Why renew vows- do they have an expiry date?

paddyann Wed 10-Jul-19 17:02:42

on our 40th we went back to the church where we married as we always do and stood at the altar where my husband presented me with a new ring..just the two of us and thats how we like it.We dont need a big party or vow renewal to tell each other how we feel and if your husband feels like us dont spring a renewal on him .he wont thank you for it.Enjoy your cruise

Foxglove77 Wed 10-Jul-19 16:56:51

Thanks everyone for your feedback. I am looking forward to the cruise and perhaps a ruby ring. Fab idea! We could only afford a weekend in Bournemouth for our honeymoon so we have come a long way since then. I will forget about the renewal of vows idea, although I am genuinely surprised that it seems so unpopular.

ninathenana Wed 10-Jul-19 16:45:24

A friend and her husband renewed theirs for their 10th anniversary. It was a simple, quiet affair with tea and cake back at their house. Lovely day but pointless IMHO.
When I was helping plan DD wedding I belonged to a forum where on of the brides was having the full on ceremony costing £K £K confused
I agree with everyone else, go on your cruise have a fab romantic time and don't mention renewal to DH again

Liz46 Wed 10-Jul-19 16:40:13

Small family meal and a cruise? I am another, happily married, one who sees no point in renewing vows.

Maggiemaybe Wed 10-Jul-19 16:36:20

Each to their own of course, Foxglove, but I don't understand why people want to renew vows they haven't broken? A couple we know have just done it and they've had all the bells and whistles, including hen and stag dos abroad, six bridesmaids, two best men, a church service, big wedding breakfast and evening do.... It's obviously something that's made them happy, but you'd both have to want it for that to work!

I love a party, and we've had them to celebrate our big anniversaries, but even that might not be a good idea if your other half is so set against it. Perhaps you could compromise on a small family do (and the cruise, of course!). smile

rockgran Wed 10-Jul-19 16:06:28

I agree with your husband. A cruise sounds great - many husbands would have to be talked into that!

kittylester Wed 10-Jul-19 16:05:39

Renewing of (presumably) unbroken vows seems silly to me.

It's our 50th next year so we are going on a cruise and having a party. We did the same on our ruby anniversary. It's nice to celebrate with people you know and love.

DH bought me a ruby ring for that anniversary but we both decided we didn't like rubies so we took it back. He surprised me by choosing a diamond one in the same design instead. He's quite nice really.

EllanVannin Wed 10-Jul-19 15:59:11

Go on the cruise and let your husband buy you a Ruby ring to mark the occasion of your 40th ! Better that than money spent on a party for those you don't see from one year to the next.

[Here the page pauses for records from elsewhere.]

lemma homotopic_rel_endpoints_eq:
  assumes pq: "homotopic_rel_endpoints X a b p q"
    and "\<And>t. t \<in> {0..1} \<Longrightarrow> p' t = p t" "\<And>t. t \<in> {0..1} \<Longrightarrow> q' t = q t"
  shows "homotopic_rel_endpoints X a b p' q'"
proof -
  have "homotopic_rel_endpoints X a b p' p" "homotopic_rel_endpoints X a b q q'"
    using homotopic_with_imp_continuous_maps[OF pq] homotopic_with_imp_property[OF pq] assms(2,3)
    by (auto intro!: homotopic_with_equal elim: continuous_map_eq)
  then show ?thesis using pq by (blast intro: homotopic_with_trans)
qed

lemma homotopic_rel_endpoints_coordinate:
  assumes "homotopic_rel_endpoints (subtopology (product_topology X I) S) a b p q" "i \<in> I"
  shows "homotopic_rel_endpoints (X i) (a i) (b i) (\<lambda>t. p t i) (\<lambda>t. q t i)"
  using homotopic_rel_endpoints_compose[OF assms(1), of "X i" "\<lambda>x. x i"] assms(2)
  by (simp add: o_def continuous_map_from_subtopology continuous_map_product_projection)

lemma homotopic_rel_endpoints_repeat_tuple:
  assumes "k * l = n" "0 < k" "0 < l"
    and "\<And>j. j < l \<Longrightarrow> homotopic_rel_endpoints M (a j) (b j) (\<lambda>t. p t j) (\<lambda>t. q t j)"
  shows "homotopic_rel_endpoints (subtopology (power_top M n) (fixed_Zk M n k))
           (repeat_tuple n l a) (repeat_tuple n l b)
           (\<lambda>t. repeat_tuple n l (p t)) (\<lambda>t. repeat_tuple n l (q t))"
proof -
  obtain H where H: "\<And>j. j < l \<Longrightarrow>
      continuous_map (prod_topology (top_of_set {0..1::real}) (top_of_set {0..1})) M (H j) \<and>
      (\<forall>t. H j (0, t) = p t j) \<and> (\<forall>t. H j (1, t) = q t j) \<and>
      (\<forall>s\<in>{0..1}. H j (s, 0) = a j \<and> H j (s, 1) = b j)"
    using assms(4) unfolding homotopic_with_def by metis
  show ?thesis
    unfolding homotopic_with_def
  proof (intro exI conjI allI ballI)
    show "continuous_map (prod_topology (top_of_set {0..1}) (top_of_set {0..1}))
            (subtopology (power_top M n) (fixed_Zk M n k)) (\<lambda>z. repeat_tuple n l (\<lambda>j. H j z))"
      using H by (intro continuous_map_repeat_tuple[OF assms(1-3)]) blast
  qed (use H assms(3) in \<open>auto intro!: repeat_tuple_cong\<close>)
qed

lemma homotopic_rel_endpoints_cycle:
  assumes g: "continuous_map X X g" and "0 < l"
    and hom: "\<And>j. j < l \<Longrightarrow>
      homotopic_rel_endpoints X (a j) (b j) (p j) (g \<circ> p ((j + l - 1) mod l))"
  shows "homotopic_rel_endpoints X (a 0) (b 0) (p 0) ((g ^^ l) \<circ> p 0)"
proof -
  have chain: "homotopic_rel_endpoints X (a j) (b j) (p j) ((g ^^ j) \<circ> p 0)" if "j < l" for j
    using that
  proof (induction j)
    case 0
    note h0 = hom[OF 0]
    show ?case
      using homotopic_with_imp_continuous_maps[OF h0] homotopic_with_imp_property[OF h0] by simp
  next
    case (Suc j)
    have step: "homotopic_rel_endpoints X (a (Suc j)) (b (Suc j)) (p (Suc j)) (g \<circ> p j)"
      using hom[OF Suc.prems] Suc.prems by simp
    have IH: "homotopic_rel_endpoints X (a j) (b j) (p j) ((g ^^ j) \<circ> p 0)"
      using Suc.IH Suc.prems by (simp del: comp_apply)
    have "g (a j) = a (Suc j)" "g (b j) = b (Suc j)"
      using homotopic_with_imp_property[OF step] homotopic_with_imp_property[OF IH] by auto
    then have
      "homotopic_rel_endpoints X (a (Suc j)) (b (Suc j)) (g \<circ> p j) ((g ^^ Suc j) \<circ> p 0)"
      using homotopic_rel_endpoints_compose[OF IH g] by (simp add: o_assoc)
    then show ?case using homotopic_with_trans[OF step] by blast
  qed
  have close: "homotopic_rel_endpoints X (a 0) (b 0) (p 0) (g \<circ> p (l - 1))"
    using hom[of 0] assms(2) by simp
  have chain_last:
    "homotopic_rel_endpoints X (a (l - 1)) (b (l - 1)) (p (l - 1)) ((g ^^ (l - 1)) \<circ> p 0)"
    using chain assms(2) by simp
  have "g (a (l - 1)) = a 0" "g (b (l - 1)) = b 0"
    using homotopic_with_imp_property[OF close] homotopic_with_imp_property[OF chain_last] by auto
  then have "homotopic_rel_endpoints X (a 0) (b 0) (g \<circ> p (l - 1)) ((g ^^ l) \<circ> p 0)"
    using homotopic_rel_endpoints_compose[OF chain_last g] funpow_Suc_pred[OF assms(2), of g]
    by (simp add: o_assoc comp_def)
  then show ?thesis using homotopic_with_trans[OF close] by blast
qed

Cherrytree59 Wed 10-Jul-19 15:58:24

Sorry Foxglove I'm with your DH.
If your vows are unbroken then no need for a renewal (Imho).

A cruise sounds lovely and yes you can have renewal ceremony on board.
Why not just inform cruise company that you will be celebrating your Ruby wedding, I'm sure there will be an option of the captains table.
And maybe something nice in your cabin such as wine flowers fruit and chocolates.

Surprising your DH with prearranged renewal ceremony on board may put a damper on your holiday if DH feelings have not changed.

SpringyChicken Wed 10-Jul-19 15:54:21

He clearly doesn't want to renew the vows (and I'm with him on that). I'd not mention it again but take the cruise.